Tony Abbott, who has been blamed for the downfall of local Liberal parties across Australia was banished from talking Queensland election today; in a rare move and as a sign of his deep unpopularity, he hasn’t even visited Queensland since the campaign began.
Instead Mr. Abbott toured a small dairy company in rural Victoria, talking up his government’s trade deals met with South Korea, China and Japan. But Mr. Abbott faced more questions of his obscure decision to knight Prince Phillip and the growing rumours that in six months time he will face a leadership challenge from either Malcolm Turnbull or Julie Bishop.
The Liberals have never had a female serve as Prime Minister or premier.
But what makes the election so unbearably humiliating for Liberal National is that they should have won this election by a country mile.
On the night of the 24th of March, 2012, Liberal National leader Campbell Newman secured 64.2% of the two party preferred vote and 49.6% of the first preferences. In seats, that translated to 78 seats for the Centre-right Liberal National, 7 seats for the Centre-left Labor Party, and 2 seats for the socially conservative, economically leftist Australia Party.
It was a landslide. No two ways about that. Campbell Newman hadn’t even held a seat in the outgoing parliament, but he found his way there by winning the seat of Ashgrove; traditionally left-leaning seat in Brisbane’s west.
So what makes the 2015 result, although not yet confirmed, so stunning, is that Liberal National has come so close to losing the unlosable.
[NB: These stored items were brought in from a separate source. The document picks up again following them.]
text \<open>No bracket of the model algebra has an e_1-component.\<close>

lemma model_br_brackets_commute: "model_br n (model_br n a b) (model_br n c d) = vzero"
  unfolding model_br_eq_formula by (rule nf_bracket_formula_0_0_0_eq_vzero; rule nf_bracket_formula_1)

lemma non_model_nf_bracket:
  assumes "\<alpha> \<noteq> 0"
  shows "non_model n (nf_bracket n \<alpha> \<gamma> \<beta>)"
  unfolding non_model_def
proof
  let ?L = "nf_bracket n \<alpha> \<gamma> \<beta>"
  assume "\<exists>f. lie_iso n ?L (model_br n) f"
  then obtain f where inj: "inj_on f (vsp n)"
    and hom: "\<And>x y. x \<in> vsp n \<Longrightarrow> y \<in> vsp n \<Longrightarrow> f (?L x y) = model_br n (f x) (f y)"
    and lin: "\<And>c x. x \<in> vsp n \<Longrightarrow> f (smul c x) = smul c (f x)"
    unfolding lie_iso_def bij_betw_def by blast
  define w where "w = smul (-1) (unit_vec 1)"
  have vecs: "w \<in> vsp n" "unit_vec (n - 1) \<in> vsp n" "unit_vec n \<in> vsp n"
    unfolding w_def using six_le_n by (intro smul_in_vsp unit_vec_in_vsp; simp)+
  have "?L (unit_vec (n - 2 + 1)) w = unit_vec (n - 2)" "?L (unit_vec (n - 1 + 1)) w = unit_vec (n - 1)"
    unfolding w_def using six_le_n by (intro nf_bracket_lowering; simp)+
  then have "?L (?L (unit_vec (n - 1)) w) (?L (unit_vec n) w) 2 = \<alpha>"
    unfolding index_succ using nf_bracket_top_coords by simp
  moreover have "f (?L (?L (unit_vec (n - 1)) w) (?L (unit_vec n) w)) = f vzero"
    using hom vecs sc_bracket_in_vsp lin[of vzero 0] model_br_brackets_commute
    by (simp add: smul_zero_left)
  then have "?L (?L (unit_vec (n - 1)) w) (?L (unit_vec n) w) = vzero"
    using inj sc_bracket_in_vsp vzero_in_vsp by (meson inj_onD)
  ultimately show False using assms by (simp add: vzero_def)
qed

lemma adapted_basis_unit_vec: "adapted_basis n (nf_bracket n \<alpha> \<gamma> \<beta>) unit_vec"
  unfolding adapted_basis_def
proof (intro conjI ballI allI impI)
  show "unit_vec i \<in> vsp n" if "i \<in> {1..n}" for i using that unit_vec_in_vsp by auto
  show "inj_on unit_vec {1..n}" by (rule inj_on_unit_vec)
  show "cindep (unit_vec ` {1..n})" by (rule cindep_unit_vec)
  show "cspan (unit_vec ` {1..n}) = vsp n" by (simp add: cspan_unit_vec vsp_eq_supported_in)
next
  fix h assume h: "3 \<le> h \<and> h \<le> n"
  then have mem: "1 \<in> {1..n}" "h \<in> {1..n}" by auto
  show "nf_bracket n \<alpha> \<gamma> \<beta> (unit_vec 1) (unit_vec h) = unit_vec (h - 1)"
    unfolding nf_bracket_unit_vec[OF mem] thm_spec_1
    using h thm_spec_eq_0_if_ge[where a = h and b = 1] by (auto simp: fun_eq_iff unit_vec_def)
next
  fix h assume h: "1 \<le> h \<and> h \<le> n"
  show "nf_bracket n \<alpha> \<gamma> \<beta> (unit_vec 2) (unit_vec h) = vzero"
  proof (cases "h = 1")
    case True
    show ?thesis
    proof (rule nf_bracket_unit_vec_eq_vzero)
      show "2 \<in> {1..n}" "h \<in> {1..n}" using h six_le_n by auto
      show "thm_spec n \<alpha> \<gamma> \<beta> 2 h k = 0" "thm_spec n \<alpha> \<gamma> \<beta> h 2 k = 0" for k
        unfolding True thm_spec_1 using six_le_n by (simp_all add: thm_spec_eq_0_if_ge)
    qed
  next
    case False
    then show ?thesis using h six_le_n by (intro nf_bracket_unit_vec_low) auto
  qed
next
  fix h assume "2 \<le> h \<and> h \<le> n"
  then show "nf_bracket n \<alpha> \<gamma> \<beta> (unit_vec 3) (unit_vec h) = vzero"
    using six_le_n by (intro nf_bracket_unit_vec_low) auto
qed

lemma is_z1_nf_bracket:
  assumes "\<alpha> \<noteq> 0"
  shows "is_z1 n (nf_bracket n \<alpha> \<gamma> \<beta>) unit_vec (n - 2)"
  unfolding is_z1_def
proof (intro conjI allI impI)
  show "4 \<le> n - 2" using six_le_n by simp
  show "nf_bracket n \<alpha> \<gamma> \<beta> (unit_vec (n - 2)) (unit_vec n) \<noteq> vzero"
    using nf_bracket_top_coords(2) assms by (metis vzero_def)
  show "nf_bracket n \<alpha> \<gamma> \<beta> (unit_vec k) (unit_vec n) = vzero" if "4 \<le> k \<and> k < n - 2" for k
    using that by (intro nf_bracket_unit_vec_low) auto
qed

lemma is_z2_nf_bracket:
  assumes "\<alpha> \<noteq> 0"
  shows "is_z2 n (nf_bracket n \<alpha> \<gamma> \<beta>) unit_vec (n - 2)"
  unfolding is_z2_def index_succ
proof (intro conjI allI impI)
  show "4 \<le> n - 2" using six_le_n by simp
  show "nf_bracket n \<alpha> \<gamma> \<beta> (unit_vec (n - 2)) (unit_vec (n - 1)) \<noteq> vzero"
    using nf_bracket_top_coords(1) assms by (metis vzero_def)
  show "nf_bracket n \<alpha> \<gamma> \<beta> (unit_vec k) (unit_vec (k + 1)) = vzero" if "4 \<le> k \<and> k < n - 2" for k
    using that by (intro nf_bracket_unit_vec_low) auto
qed

lemma assoc_triple_nf_bracket: "\<alpha> \<noteq> 0 \<Longrightarrow> assoc_triple n (nf_bracket n \<alpha> \<gamma> \<beta>) (n - 2) (n - 2)"
  unfolding assoc_triple_def
  using filiform_nf_bracket non_model_nf_bracket adapted_basis_unit_vec is_z1_nf_bracket is_z2_nf_bracket
  by blast

end

theorem mainTheorem3:
  fixes n :: nat
  assumes "n \<ge> 6"
  shows "(\<forall>B. assoc_triple n B (n - 2) (n - 2) \<longrightarrow>
            (\<exists>e \<alpha> \<gamma> \<beta>. adapted_basis n B e \<and> \<alpha> \<noteq> 0 \<and>
               (\<forall>a b. 1 \<le> a \<and> a < b \<and> b \<le> n \<longrightarrow>
                  B (e a) (e b) = lcomb (thm_spec n \<alpha> \<gamma> \<beta> a b) e {1..n})))
       \<and> (\<forall>\<alpha> \<gamma> \<beta>. \<alpha> \<noteq> 0 \<longrightarrow>
            assoc_triple n (sc_bracket n (antisym_sc (thm_spec n \<alpha> \<gamma> \<beta>))) (n - 2) (n - 2))"
proof (intro conjI allI impI)
  fix B assume "assoc_triple n B (n - 2) (n - 2)"
  then obtain e where "lie_alg n B" and adapted: "adapted_basis n B e"
    and "is_z1 n B e (n - 2)" "is_z2 n B e (n - 2)"
    unfolding assoc_triple_def filiform_def by blast
  then interpret triple_n2 n B e using assms by unfold_locales auto
  show "\<exists>e \<alpha> \<gamma> \<beta>. adapted_basis n B e \<and> \<alpha> \<noteq> 0 \<and>
      (\<forall>a b. 1 \<le> a \<and> a < b \<and> b \<le> n \<longrightarrow> B (e a) (e b) = lcomb (thm_spec n \<alpha> \<gamma> \<beta> a b) e {1..n})"
    using normal_form adapted by blast
next
  fix \<alpha> \<gamma> \<beta> :: complex assume "\<alpha> \<noteq> 0"
  interpret dim_ge_6 n using assms by unfold_locales
  show "assoc_triple n (nf_bracket n \<alpha> \<gamma> \<beta>) (n - 2) (n - 2)"
    using \<open>\<alpha> \<noteq> 0\<close> by (rule assoc_triple_nf_bracket)
qed

end
(* Let $G=(V,E)$ be an infinite, connected, locally finite graph (no self-loops) and let $v\in V$. Then the sequence $\big(\mathbb{P}_v(\tau_v=2t)\big)_{t\geq 1}$ is non-increasing in $t$.
   Context: $(X_t)$ is simple random walk on $G$ with $X_0=v$ and $\tau_v=\min\{t\geq 1:X_t=v\}$. *)

theory Defs
  imports "HOL-Probability.Probability"
begin

text \<open>Simple random walk on a simple graph given by a symmetric, irreflexive
edge relation E. One step from u: uniform distribution on the neighbours of u.\<close>

definition srw_step :: "('a \<Rightarrow> 'a \<Rightarrow> bool) \<Rightarrow> 'a \<Rightarrow> 'a pmf" where
  "srw_step E u = pmf_of_set {w. E u w}"

text \<open>srw_path E n u is the law of the trajectory [X_0, X_1, ..., X_n] of the
simple random walk started at X_0 = u.\<close>

fun srw_path :: "('a \<Rightarrow> 'a \<Rightarrow> bool) \<Rightarrow> nat \<Rightarrow> 'a \<Rightarrow> 'a list pmf" where
  "srw_path E 0 u = return_pmf [u]"
| "srw_path E (Suc n) u =
     bind_pmf (srw_step E u) (\<lambda>w. map_pmf (\<lambda>xs. u # xs) (srw_path E n w))"

text \<open>P_v(tau_v = n) for n \<ge> 1, where tau_v = min{t \<ge> 1. X_t = v} and X_0 = v.\<close>

definition first_return_prob :: "('a \<Rightarrow> 'a \<Rightarrow> bool) \<Rightarrow> 'a \<Rightarrow> nat \<Rightarrow> real" where
  "first_return_prob E v n =
     measure_pmf.prob (srw_path E n v)
       {xs. xs ! n = v \<and> (\<forall>i\<in>{1..<n}. xs ! i \<noteq> v)}"

end

theory Submission
  imports Defs
begin

(* Let h_n(w) be the probability that the walk started at w visits v for the first
   time at step n (step 0 included), so h_0 is the indicator of v.  Then
   h_{n+1} = P h_n, where P is the transition operator of the walk killed at v:
   (P f)(x) = 0 for x = v and (P f)(x) = mean of f over the neighbours of x otherwise.
   With respect to the degree-weighted pairing <f,g> = sum_x deg x * f x * g x,
   P is self-adjoint on functions vanishing at v and is a contraction in the
   associated norm (Cauchy-Schwarz over each neighbourhood).  Moreover
   P_v(tau_v = m+1) = <h_1, h_m> / deg v.  Hence
     P_v(tau_v = 2t+2) = <h_1, h_{2t+1}>/deg v = <h_{t+1}, h_{t+1}>/deg v
                      <= <h_t, h_t>/deg v = <h_1, h_{2t-1}>/deg v = P_v(tau_v = 2t).
   All sums range over the finite ball of radius M around v, which contains the
   supports of the h_n with n <= M.  The argument only needs a symmetric, locally
   finite edge relation without isolated vertices; the theorem follows since an
   infinite connected graph has no isolated vertices. *)

lemma measure_bind_pmf_of_set:
  assumes "A \<noteq> {}" "finite A"
  shows "measure_pmf.prob (bind_pmf (pmf_of_set A) f) X
           = (\<Sum>a\<in>A. measure_pmf.prob (f a) X) / card A"
proof -
  have "ennreal (measure_pmf.prob (bind_pmf (pmf_of_set A) f) X)
          = emeasure (bind_pmf (pmf_of_set A) f) X"
    by (simp add: measure_pmf.emeasure_eq_measure)
  also have "\<dots> = (\<Sum>a\<in>A. emeasure (f a) X) / card A"
    using assms by (simp add: nn_integral_pmf_of_set)
  also have "\<dots> = ennreal ((\<Sum>a\<in>A. measure_pmf.prob (f a) X) / card A)"
    using assms
    by (simp add: measure_pmf.emeasure_eq_measure sum_nonneg ennreal_of_nat_eq_real_of_nat,
        subst divide_ennreal, auto intro: sum_nonneg simp: card_gt_0_iff)
  finally show ?thesis
    by (subst (asm) ennreal_inj) (auto intro!: sum_nonneg divide_nonneg_nonneg)
qed

text \<open>A locally finite graph without isolated vertices, with a distinguished vertex v.\<close>

locale srw_graph =
  fixes V :: "'a set" and E :: "'a \<Rightarrow> 'a \<Rightarrow> bool" and v :: 'a
  assumes edges_in_V: "\<And>u w. E u w \<Longrightarrow> u \<in> V \<and> w \<in> V"
    and sym: "\<And>u w. E u w \<Longrightarrow> E w u"
    and locally_finite: "\<And>u. u \<in> V \<Longrightarrow> finite {w. E u w}"
    and has_neighbour: "\<And>u. u \<in> V \<Longrightarrow> \<exists>w. E u w"
    and v_in_V: "v \<in> V"
begin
Labor leader Annastacia Palaszcuk told undecided voters at the leaders debate last night that “Labor had learned its lesson” and that it was ready to govern again. She called the re-rise of the Queensland Labor Party a story of ‘David vs Goliath’ as Palaszcuk and her party of seven MPs took over Campbell Newman and his near 80. And for her party to come from so far behind, to almost win, and still quite possibly claim a hung parliament, is a success story.
To further dampen the spirits of the LNP, the party leader and premier, Campbell Newman, is widely expected to lose his seat to the Labor candidate.